But we already have so many choices! How do you call vanilla FreeBSD, NanoBSD, m0n0wall, pfSense, PC-BSD, FreeSBIE, TrueBSD?

They're all based on FreeBSD, and they are already customized for the needs of their own user base: small vs. normal, live vs. non-live, GUI vs. CLI setup, general vs. special purpose, server vs. desktop, etc.

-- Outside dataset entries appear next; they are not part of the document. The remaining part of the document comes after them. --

(* Let $N\ge1$, $K>0$, $r_i>0$, let $(\mu_{ij})$ be a nonnegative, symmetric, irreducible $N\times N$ matrix, and let $\alpha:\mathbb{R}^N\to\mathbb{R}$ be locally Lipschitz with $\alpha(0)=0$, monotone increasing for the componentwise order, and such that there exist positive $R,k,c$ with $c(\sum_jv_j)^k\le\alpha(v)$ for all $v\in[0,\infty)^N$ with $\sum_j|v_j|\ge R$. Let $\bar v$ be the unique positive stationary solution of $$\frac{dv_i}{dt}=v_i\left[r_i-\frac{1}{K}\alpha(v)\right]+\sum_{j=1}^N\mu_{ij}(v_j-v_i),\qquad i=1,\dots,N,$$ and let $v(t)$ be a positive solution of this system defined for all $t\ge0$. Set $\mathcal{E}(v)=\sum_{i=1}^Nv_i^2$ and $\beta(v)=\sum_{i=1}^Nv_i\bar v_i$. Then there exists a constant $C_1$ such that $\mathcal{E}(v(t))+\beta(v(t))\le C_1$ for all $t\ge0$.
   Context: A stationary solution is a vector at which the right-hand side vanishes for every $i$; positive means all components strictly positive. *)

theory Defs
  imports "HOL-Analysis.Analysis"
begin

text \<open>Vectors in R^N are modelled as real^'n with 'n a finite index type (N = CARD('n) \<ge> 1).
  Matrices are real^'n^'n, entry mu_ij = mu $ i $ j.\<close>

definition locally_lipschitz_fun :: "('a::metric_space \<Rightarrow> real) \<Rightarrow> bool" where
  "locally_lipschitz_fun f \<longleftrightarrow>
     (\<forall>x. \<exists>e>0. \<exists>L. \<forall>y\<in>ball x e. \<forall>z\<in>ball x e. \<bar>f y - f z\<bar> \<le> L * dist y z)"

definition comp_mono :: "(real^'n \<Rightarrow> real) \<Rightarrow> bool" where
  "comp_mono f \<longleftrightarrow> (\<forall>u v. (\<forall>i. u $ i \<le> v $ i) \<longrightarrow> f u \<le> f v)"

text \<open>Irreducibility of a nonnegative matrix: the directed graph with an edge i -> j
  whenever mu_ij \<noteq> 0 is strongly connected.\<close>
definition irreducible_mat :: "real^'n^'n \<Rightarrow> bool" where
  "irreducible_mat M \<longleftrightarrow> (\<forall>i j. (i, j) \<in> {(a, b). M $ a $ b \<noteq> 0}\<^sup>*)"

definition pos_vec :: "real^'n \<Rightarrow> bool" where
  "pos_vec v \<longleftrightarrow> (\<forall>i. v $ i > 0)"

definition rhs :: "real^'n \<Rightarrow> real \<Rightarrow> real^'n^'n \<Rightarrow> (real^'n \<Rightarrow> real) \<Rightarrow> real^'n \<Rightarrow> real^'n" where
  "rhs r K mu alpha v = (\<chi> i. v $ i * (r $ i - alpha v / K) + (\<Sum>j\<in>UNIV. mu $ i $ j * (v $ j - v $ i)))"

definition stationary :: "real^'n \<Rightarrow> real \<Rightarrow> real^'n^'n \<Rightarrow> (real^'n \<Rightarrow> real) \<Rightarrow> real^'n \<Rightarrow> bool" where
  "stationary r K mu alpha v \<longleftrightarrow> (\<forall>i. rhs r K mu alpha v $ i = 0)"

definition energy :: "real^'n \<Rightarrow> real" where
  "energy v = (\<Sum>i\<in>UNIV. (v $ i)^2)"

definition beta :: "real^'n \<Rightarrow> real^'n \<Rightarrow> real" where
  "beta vbar v = (\<Sum>i\<in>UNIV. v $ i * vbar $ i)"

end

theory Submission
  imports Defs
begin

text \<open>The symmetric migration terms cancel in the total mass \<open>S = \<Sum>\<^sub>i v\<^sub>i\<close>, so
  \<open>S' = \<Sum>\<^sub>i r\<^sub>i v\<^sub>i - \<alpha>(v) S / K \<le> (\<Sum>\<^sub>i r\<^sub>i - \<alpha>(v) / K) S\<close>.  The growth condition on \<open>\<alpha>\<close>
  makes the bracket nonpositive once \<open>S\<close> is large, so \<open>S\<close> never rises above
  \<open>max (S 0) M\<^sub>0\<close>.  As all components are nonnegative, the energy is at most \<open>S\<^sup>2\<close>
  and \<open>\<beta>(v) \<le> S \<Sum>\<^sub>i vbar\<^sub>i\<close>.\<close>

lemma sum_mult_le_sum_mult_sum:
  fixes f g :: "'a \<Rightarrow> 'b::linordered_semidom"
  assumes "finite A" and "\<And>i. i \<in> A \<Longrightarrow> f i \<ge> 0" and "\<And>i. i \<in> A \<Longrightarrow> g i \<ge> 0"
  shows "(\<Sum>i\<in>A. f i * g i) \<le> sum f A * sum g A"
proof -
  have "f i * g i \<le> (\<Sum>j\<in>A. f i * g j)" if "i \<in> A" for i
    using assms that by (intro member_le_sum[of i A "\<lambda>j. f i * g j"]) auto
  then have "(\<Sum>i\<in>A. f i * g i) \<le> (\<Sum>i\<in>A. \<Sum>j\<in>A. f i * g j)"
    by (rule sum_mono)
  also have "\<dots> = sum f A * sum g A"
    by (rule sum_product[symmetric])
  finally show ?thesis .
qed

lemma sum_symmetric_migration_eq_0:
  fixes mu :: "real^'n^'n" and x :: "real^'n"
  assumes "\<forall>i j. mu $ i $ j = mu $ j $ i"
  shows "(\<Sum>i\<in>UNIV. \<Sum>j\<in>UNIV. mu $ i $ j * (x $ j - x $ i)) = 0"
proof -
  have "(\<Sum>i\<in>UNIV. \<Sum>j\<in>UNIV. mu $ i $ j * x $ j) = (\<Sum>j\<in>UNIV. \<Sum>i\<in>UNIV. mu $ i $ j * x $ j)"
    by (rule sum.swap)
  also have "\<dots> = (\<Sum>j\<in>UNIV. \<Sum>i\<in>UNIV. mu $ j $ i * x $ j)"
    using assms by simp
  finally show ?thesis
    by (simp add: right_diff_distrib sum_subtractf)
qed

lemma sum_rhs:
  assumes "\<forall>i j. mu $ i $ j = mu $ j $ i"
  shows "(\<Sum>i\<in>UNIV. rhs r K mu alpha x $ i)
       = (\<Sum>i\<in>UNIV. x $ i * r $ i) - alpha x / K * (\<Sum>i\<in>UNIV. x $ i)"
  using sum_symmetric_migration_eq_0[OF assms, of x]
  by (simp add: rhs_def sum.distrib right_diff_distrib sum_subtractf sum_distrib_left
      sum_divide_distrib mult.commute)

lemma sum_rhs_nonpos:
  assumes "\<forall>i j. mu $ i $ j = mu $ j $ i" and "K > 0"
    and "\<forall>i. x $ i \<ge> 0" and "\<forall>i. r $ i \<ge> 0"
    and "K * (\<Sum>i\<in>UNIV. r $ i) \<le> alpha x"
  shows "(\<Sum>i\<in>UNIV. rhs r K mu alpha x $ i) \<le> 0"
proof -
  have "(\<Sum>i\<in>UNIV. x $ i * r $ i) \<le> (\<Sum>i\<in>UNIV. x $ i) * (\<Sum>i\<in>UNIV. r $ i)"
    using assms by (intro sum_mult_le_sum_mult_sum) auto
  also have "\<dots> \<le> (\<Sum>i\<in>UNIV. x $ i) * (alpha x / K)"
    using assms by (intro mult_left_mono) (auto simp: pos_le_divide_eq mult.commute sum_nonneg)
  finally show ?thesis
    by (simp add: sum_rhs[OF assms(1)] mult.commute)
qed

lemma powr_growth_exceeds:
  fixes c k A :: real
  assumes "c > 0" and "k > 0"
  obtains M where "M > 0" and "\<And>s. s \<ge> M \<Longrightarrow> A \<le> c * s powr k"
proof
  define a where "a = max 1 (A / c)"
  show "a powr (1 / k) > 0"
    unfolding a_def by simp
  fix s :: real
  assume s: "s \<ge> a powr (1 / k)"
  have "a = (a powr (1 / k)) powr k"
    using assms by (simp add: a_def powr_powr)
  also have "\<dots> \<le> s powr k"
    using s assms by (intro powr_mono2) auto
  finally show "A \<le> c * s powr k"
    using assms by (auto simp: a_def pos_divide_le_eq mult.commute)
qed

lemma alpha_exceeds_for_large_mass:
  fixes alpha :: "real^'n \<Rightarrow> real"
  assumes "\<exists>R k c. R > 0 \<and> k > 0 \<and> c > 0 \<and>
        (\<forall>w. (\<forall>j. w $ j \<ge> 0) \<and> (\<Sum>j\<in>UNIV. \<bar>w $ j\<bar>) \<ge> R
              \<longrightarrow> c * (\<Sum>j\<in>UNIV. w $ j) powr k \<le> alpha w)"
  obtains M where "M > 0"
    and "\<And>w. \<forall>j. w $ j \<ge> 0 \<Longrightarrow> (\<Sum>j\<in>UNIV. w $ j) \<ge> M \<Longrightarrow> A \<le> alpha w"
proof -
  obtain R k c where "R > 0" "k > 0" "c > 0"
    and grow: "\<And>w. \<forall>j. w $ j \<ge> 0 \<Longrightarrow> (\<Sum>j\<in>UNIV. \<bar>w $ j\<bar>) \<ge> R
                 \<Longrightarrow> c * (\<Sum>j\<in>UNIV. w $ j) powr k \<le> alpha w"
    using assms by blast
  obtain M where "M > 0" and M: "\<And>s. s \<ge> M \<Longrightarrow> A \<le> c * s powr k"
    using powr_growth_exceeds[OF \<open>c > 0\<close> \<open>k > 0\<close>] by blast
  show thesis
  proof (rule that[of "max R M"])
    fix w :: "real^'n"
    assume nonneg: "\<forall>j. w $ j \<ge> 0" and large: "(\<Sum>j\<in>UNIV. w $ j) \<ge> max R M"
    then have "(\<Sum>j\<in>UNIV. \<bar>w $ j\<bar>) = (\<Sum>j\<in>UNIV. w $ j)"
      by simp
    with nonneg large show "A \<le> alpha w"
      using M[of "\<Sum>j\<in>UNIV. w $ j"] grow[of w] by auto
  qed (use \<open>R > 0\<close> in auto)
qed

lemma bounded_if_deriv_nonpos_above:
  fixes f f' :: "real \<Rightarrow> real"
  assumes deriv: "\<And>t. t \<ge> a \<Longrightarrow> (f has_real_derivative f' t) (at t within {a..})"
    and nonpos: "\<And>t. t \<ge> a \<Longrightarrow> f t > M \<Longrightarrow> f' t \<le> 0"
    and start: "f a \<le> M" and "t \<ge> a"
  shows "f t \<le> M"
proof (rule ccontr)
  assume above_t: "\<not> f t \<le> M"
  have cont: "continuous_on {a..} f"
    using deriv by (intro DERIV_continuous_on) auto
  define A where "A = {a..t} \<inter> f -` {..M}"
  have "closed A"
    unfolding A_def using cont
    by (intro continuous_closed_preimage) (auto intro: continuous_on_subset)
  moreover have "a \<in> A" "bdd_above A"
    using start \<open>t \<ge> a\<close> by (auto simp: A_def intro: bdd_aboveI[of _ t])
  ultimately have "Sup A \<in> A"
    by (intro closed_contains_Sup) auto
  then have t0: "a \<le> Sup A" "Sup A \<le> t" "f (Sup A) \<le> M"
    by (auto simp: A_def)
  \<comment> \<open>On \<open>(Sup A, t)\<close> the function stays above \<open>M\<close>, hence is nonincreasing there.\<close>
  have "f t \<le> f (Sup A)"
  proof (rule DERIV_nonpos_imp_decreasing_open[where f = f])
    fix z assume z: "Sup A < z" "z < t"
    have "f z > M"
    proof (rule ccontr)
      assume "\<not> f z > M"
      then have "z \<in> A" using z t0 by (auto simp: A_def)
      then show False using z cSup_upper[OF _ \<open>bdd_above A\<close>] by fastforce
    qed
    moreover have "at z within {a..} = at z"
      using z t0 by (intro at_within_interior) auto
    ultimately show "\<exists>y. (f has_real_derivative y) (at z) \<and> y \<le> 0"
      using deriv[of z] nonpos[of z] z t0 by auto
  qed (use t0 cont in \<open>auto intro: continuous_on_subset\<close>)
  with t0 above_t show False by linarith
qed

theorem lemma4p6:
  fixes K :: real and r :: "real^'n" and mu :: "real^'n^'n"
    and alpha :: "real^'n \<Rightarrow> real" and vbar :: "real^'n" and v :: "real \<Rightarrow> real^'n"
  assumes K_pos: "K > 0"
    and r_pos: "\<forall>i. r $ i > 0"
    and mu_nonneg: "\<forall>i j. mu $ i $ j \<ge> 0"
    and mu_sym: "\<forall>i j. mu $ i $ j = mu $ j $ i"
    and mu_irred: "irreducible_mat mu"
    and alpha_lip: "locally_lipschitz_fun alpha"
    and alpha_zero: "alpha 0 = 0"
    and alpha_mono: "comp_mono alpha"
    and alpha_growth: "\<exists>R k c. R > 0 \<and> k > 0 \<and> c > 0 \<and>
        (\<forall>w. (\<forall>j. w $ j \<ge> 0) \<and> (\<Sum>j\<in>UNIV. \<bar>w $ j\<bar>) \<ge> R
              \<longrightarrow> c * (\<Sum>j\<in>UNIV. w $ j) powr k \<le> alpha w)"
    and vbar_pos: "pos_vec vbar"
    and vbar_stat: "stationary r K mu alpha vbar"
    and vbar_unique: "\<forall>w. pos_vec w \<and> stationary r K mu alpha w \<longrightarrow> w = vbar"
    and v_pos: "\<forall>t\<ge>0. pos_vec (v t)"
    and v_ode: "\<forall>t\<ge>0. (v has_vector_derivative rhs r K mu alpha (v t)) (at t within {0..})"
  shows "\<exists>C1. \<forall>t\<ge>0. energy (v t) + beta vbar (v t) \<le> C1"
proof -
  have v_nonneg: "v t $ i \<ge> 0" if "t \<ge> 0" for t i
    using v_pos that by (auto simp: pos_vec_def less_imp_le)
  have vbar_nonneg: "vbar $ i \<ge> 0" for i
    using vbar_pos by (auto simp: pos_vec_def less_imp_le)
  obtain M0 where M0: "\<And>w. \<forall>j. w $ j \<ge> 0 \<Longrightarrow> (\<Sum>j\<in>UNIV. w $ j) \<ge> M0
                         \<Longrightarrow> K * (\<Sum>i\<in>UNIV. r $ i) \<le> alpha w"
    using alpha_exceeds_for_large_mass[OF alpha_growth] by metis
  define S where "S t = (\<Sum>i\<in>UNIV. v t $ i)" for t
  have "(S has_real_derivative (\<Sum>i\<in>UNIV. rhs r K mu alpha (v t) $ i)) (at t within {0..})"
    if "t \<ge> 0" for t
    unfolding S_def[abs_def] has_real_derivative_iff_has_vector_derivative
    using v_ode that
    by (intro has_vector_derivative_sum bounded_linear.has_vector_derivative[OF bounded_linear_vec_nth]) auto
  moreover have "(\<Sum>i\<in>UNIV. rhs r K mu alpha (v t) $ i) \<le> 0" if "t \<ge> 0" "S t > M0" for t
    using that v_nonneg r_pos unfolding S_def
    by (intro sum_rhs_nonpos[OF mu_sym K_pos] M0) (auto simp: less_imp_le)
  ultimately have S_bound: "S t \<le> max (S 0) M0" if "t \<ge> 0" for t
    by (rule bounded_if_deriv_nonpos_above[where a = 0]) (use that in auto)
  have "energy (v t) + beta vbar (v t)
          \<le> max (S 0) M0 * max (S 0) M0 + max (S 0) M0 * (\<Sum>i\<in>UNIV. vbar $ i)" if "t \<ge> 0" for t
  proof -
    have "energy (v t) \<le> S t * S t" "beta vbar (v t) \<le> S t * (\<Sum>i\<in>UNIV. vbar $ i)"
      unfolding energy_def beta_def S_def power2_eq_square
      using that v_nonneg vbar_nonneg by (auto intro: sum_mult_le_sum_mult_sum)
    moreover have "0 \<le> S t" "0 \<le> (\<Sum>i\<in>UNIV. vbar $ i)"
      using that v_nonneg vbar_nonneg by (auto simp: S_def sum_nonneg)
    ultimately show ?thesis
      using S_bound[OF that] by (smt (verit) mult_mono mult_right_mono)
  qed
  then show ?thesis by blast
qed

end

So why not choose each "model" depending on your needs, instead of incorporating the entire basket into vanilla FreeBSD?
What happened to the KISS principle, when we wanted simple but powerful tools, when we wanted the right tools for the right job?


----------



## Panarchy (Aug 3, 2009)

Hmm...

Wait, what does KISS stand for?


----------



## DutchDaemon (Aug 3, 2009)

*K*eep *I*t *S*mall & *S*imple


----------



## Panarchy (Aug 5, 2009)

Ah!!!

LOL.

Would still be interested in some more non-forked distributions... of FreeBSD...


----------



## Petz (Aug 7, 2009)

DutchDaemon said:
			
		

> *K*eep *I*t *S*mall & *S*imple



Nice one. I'm sure most people know it as "Keep It Simple Stupid" though. Small is not a measure or scale of simplicity. I beleive the acronym is mean't to remind you(Stupid!!) that you shouldn't be overcomplicating things. Refer to Urban Dictionary definition 4 ---> http://www.urbandictionary.com/define.php?term=kiss

Anyway as I stated eariler. I feel it would be good to have FreeBSD with the option of a GUI install system and Desktop environment. Having the PC-BSDs and others is good but I think the FreeBSD team might do it better in terms of inline(on time ) releases intead of waiting for the flavors to catch up. As well as better integration to give end users a smoother experience.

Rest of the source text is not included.